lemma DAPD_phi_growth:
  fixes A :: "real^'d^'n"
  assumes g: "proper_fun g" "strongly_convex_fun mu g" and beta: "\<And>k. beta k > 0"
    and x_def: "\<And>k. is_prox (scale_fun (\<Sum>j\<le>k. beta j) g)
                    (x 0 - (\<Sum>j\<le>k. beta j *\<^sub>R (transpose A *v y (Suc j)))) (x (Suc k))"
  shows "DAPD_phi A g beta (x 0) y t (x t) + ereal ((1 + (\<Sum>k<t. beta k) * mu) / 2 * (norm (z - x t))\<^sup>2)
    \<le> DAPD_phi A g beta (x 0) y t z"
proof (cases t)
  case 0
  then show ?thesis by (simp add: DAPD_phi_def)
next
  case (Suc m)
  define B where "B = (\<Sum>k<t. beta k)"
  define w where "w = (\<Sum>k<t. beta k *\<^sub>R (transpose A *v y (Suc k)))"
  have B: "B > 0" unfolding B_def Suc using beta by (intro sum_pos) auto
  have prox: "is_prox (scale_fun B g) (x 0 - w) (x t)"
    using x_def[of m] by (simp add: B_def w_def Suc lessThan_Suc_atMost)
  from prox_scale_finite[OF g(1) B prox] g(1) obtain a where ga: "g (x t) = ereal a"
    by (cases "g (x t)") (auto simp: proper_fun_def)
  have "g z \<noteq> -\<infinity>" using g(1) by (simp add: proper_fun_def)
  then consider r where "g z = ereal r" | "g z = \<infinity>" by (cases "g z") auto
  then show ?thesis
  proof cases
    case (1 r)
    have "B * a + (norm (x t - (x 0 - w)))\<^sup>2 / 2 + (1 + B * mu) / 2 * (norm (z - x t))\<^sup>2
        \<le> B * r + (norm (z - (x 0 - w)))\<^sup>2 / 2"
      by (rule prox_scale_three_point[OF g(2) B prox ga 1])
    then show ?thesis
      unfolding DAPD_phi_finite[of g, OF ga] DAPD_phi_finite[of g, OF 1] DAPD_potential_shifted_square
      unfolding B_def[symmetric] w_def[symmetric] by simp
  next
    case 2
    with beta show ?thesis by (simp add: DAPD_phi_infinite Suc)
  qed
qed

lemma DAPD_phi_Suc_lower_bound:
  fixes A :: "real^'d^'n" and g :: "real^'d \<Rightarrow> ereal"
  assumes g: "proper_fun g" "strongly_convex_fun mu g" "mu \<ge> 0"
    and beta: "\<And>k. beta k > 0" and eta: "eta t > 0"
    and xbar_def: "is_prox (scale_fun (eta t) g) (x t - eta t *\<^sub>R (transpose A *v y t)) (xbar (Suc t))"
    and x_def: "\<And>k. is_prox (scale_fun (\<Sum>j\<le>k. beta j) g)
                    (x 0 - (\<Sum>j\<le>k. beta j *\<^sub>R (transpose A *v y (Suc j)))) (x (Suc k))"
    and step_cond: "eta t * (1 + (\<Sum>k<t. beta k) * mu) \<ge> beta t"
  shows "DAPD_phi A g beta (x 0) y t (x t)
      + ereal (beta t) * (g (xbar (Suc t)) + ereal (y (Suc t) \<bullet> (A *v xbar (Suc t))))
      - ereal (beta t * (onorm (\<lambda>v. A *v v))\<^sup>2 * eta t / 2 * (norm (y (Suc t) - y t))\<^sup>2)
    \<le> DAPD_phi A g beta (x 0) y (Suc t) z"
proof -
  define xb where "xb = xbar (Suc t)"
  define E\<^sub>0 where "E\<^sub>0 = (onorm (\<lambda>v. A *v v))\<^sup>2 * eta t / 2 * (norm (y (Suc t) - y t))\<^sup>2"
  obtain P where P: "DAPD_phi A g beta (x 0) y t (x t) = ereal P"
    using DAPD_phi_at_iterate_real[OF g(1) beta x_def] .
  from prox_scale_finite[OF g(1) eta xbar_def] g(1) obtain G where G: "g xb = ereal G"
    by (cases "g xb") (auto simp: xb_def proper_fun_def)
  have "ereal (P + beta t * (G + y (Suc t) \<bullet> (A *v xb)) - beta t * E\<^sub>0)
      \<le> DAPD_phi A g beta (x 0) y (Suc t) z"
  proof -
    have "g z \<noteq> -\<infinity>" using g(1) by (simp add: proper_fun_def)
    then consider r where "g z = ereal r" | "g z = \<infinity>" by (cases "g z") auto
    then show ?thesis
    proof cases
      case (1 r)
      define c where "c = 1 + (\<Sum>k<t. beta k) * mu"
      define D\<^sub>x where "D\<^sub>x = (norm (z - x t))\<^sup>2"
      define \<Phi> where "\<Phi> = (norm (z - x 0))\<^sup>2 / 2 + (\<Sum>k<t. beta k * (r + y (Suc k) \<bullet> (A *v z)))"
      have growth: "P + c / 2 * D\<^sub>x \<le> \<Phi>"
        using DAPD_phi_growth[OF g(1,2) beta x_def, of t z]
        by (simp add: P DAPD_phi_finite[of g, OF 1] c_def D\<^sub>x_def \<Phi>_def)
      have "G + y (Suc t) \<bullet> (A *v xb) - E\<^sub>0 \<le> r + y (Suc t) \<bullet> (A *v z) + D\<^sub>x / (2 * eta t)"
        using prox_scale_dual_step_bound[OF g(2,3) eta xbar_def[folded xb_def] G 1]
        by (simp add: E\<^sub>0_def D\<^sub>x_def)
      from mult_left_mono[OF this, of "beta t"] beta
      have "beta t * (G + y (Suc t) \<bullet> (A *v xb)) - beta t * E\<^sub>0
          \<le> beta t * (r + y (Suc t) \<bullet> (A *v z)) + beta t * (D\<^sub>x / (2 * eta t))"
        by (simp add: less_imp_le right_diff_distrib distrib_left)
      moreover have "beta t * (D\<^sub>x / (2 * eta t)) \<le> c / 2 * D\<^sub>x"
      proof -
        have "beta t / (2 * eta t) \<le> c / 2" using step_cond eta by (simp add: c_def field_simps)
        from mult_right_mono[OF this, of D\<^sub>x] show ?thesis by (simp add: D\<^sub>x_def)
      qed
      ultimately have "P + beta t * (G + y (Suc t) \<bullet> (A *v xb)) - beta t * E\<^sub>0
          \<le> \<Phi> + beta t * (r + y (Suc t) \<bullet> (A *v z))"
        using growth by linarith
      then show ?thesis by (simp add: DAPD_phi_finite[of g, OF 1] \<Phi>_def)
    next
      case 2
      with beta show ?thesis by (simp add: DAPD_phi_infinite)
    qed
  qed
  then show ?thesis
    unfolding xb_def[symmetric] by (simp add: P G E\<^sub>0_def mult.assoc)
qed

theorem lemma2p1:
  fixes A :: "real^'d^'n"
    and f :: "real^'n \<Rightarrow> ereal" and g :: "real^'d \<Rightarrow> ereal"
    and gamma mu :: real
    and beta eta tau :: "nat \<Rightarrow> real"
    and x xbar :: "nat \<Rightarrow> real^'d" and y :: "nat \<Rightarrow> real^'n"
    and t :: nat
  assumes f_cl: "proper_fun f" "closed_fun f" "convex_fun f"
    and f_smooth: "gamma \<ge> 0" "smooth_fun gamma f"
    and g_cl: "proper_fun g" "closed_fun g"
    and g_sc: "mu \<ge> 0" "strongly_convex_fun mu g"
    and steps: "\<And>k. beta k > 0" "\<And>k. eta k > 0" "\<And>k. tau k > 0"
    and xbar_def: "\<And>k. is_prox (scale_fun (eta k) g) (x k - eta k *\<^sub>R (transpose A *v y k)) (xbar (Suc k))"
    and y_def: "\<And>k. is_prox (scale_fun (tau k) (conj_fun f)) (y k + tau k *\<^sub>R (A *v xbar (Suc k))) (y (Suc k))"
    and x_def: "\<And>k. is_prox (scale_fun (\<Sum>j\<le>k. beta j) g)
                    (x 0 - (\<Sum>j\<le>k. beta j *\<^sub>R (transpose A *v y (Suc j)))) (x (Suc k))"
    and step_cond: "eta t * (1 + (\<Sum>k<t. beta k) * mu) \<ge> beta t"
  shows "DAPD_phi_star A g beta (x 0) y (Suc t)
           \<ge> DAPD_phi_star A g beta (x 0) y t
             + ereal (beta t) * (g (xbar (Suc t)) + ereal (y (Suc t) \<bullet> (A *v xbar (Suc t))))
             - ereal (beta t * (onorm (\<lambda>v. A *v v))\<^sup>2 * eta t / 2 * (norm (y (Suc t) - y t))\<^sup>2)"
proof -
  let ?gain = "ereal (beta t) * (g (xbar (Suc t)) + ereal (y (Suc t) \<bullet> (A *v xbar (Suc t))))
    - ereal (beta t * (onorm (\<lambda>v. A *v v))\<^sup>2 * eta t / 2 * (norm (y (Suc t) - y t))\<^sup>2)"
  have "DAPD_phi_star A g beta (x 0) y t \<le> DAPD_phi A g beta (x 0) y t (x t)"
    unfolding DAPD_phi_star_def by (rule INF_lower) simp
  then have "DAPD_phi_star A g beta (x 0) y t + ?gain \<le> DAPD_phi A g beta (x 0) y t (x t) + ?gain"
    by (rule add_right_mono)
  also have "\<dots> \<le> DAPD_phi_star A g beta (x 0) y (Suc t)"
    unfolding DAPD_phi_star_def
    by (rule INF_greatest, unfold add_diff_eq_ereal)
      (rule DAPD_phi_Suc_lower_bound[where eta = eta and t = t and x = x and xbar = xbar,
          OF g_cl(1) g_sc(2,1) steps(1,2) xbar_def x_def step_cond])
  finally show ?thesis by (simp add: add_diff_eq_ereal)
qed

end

TASK DETAILS:
Please copy out each line of the material that contains the string "gamma".

RESULT FOR THIS TASK:
    and gamma mu :: real
    and f_smooth: "gamma \<ge> 0" "smooth_fun gamma f"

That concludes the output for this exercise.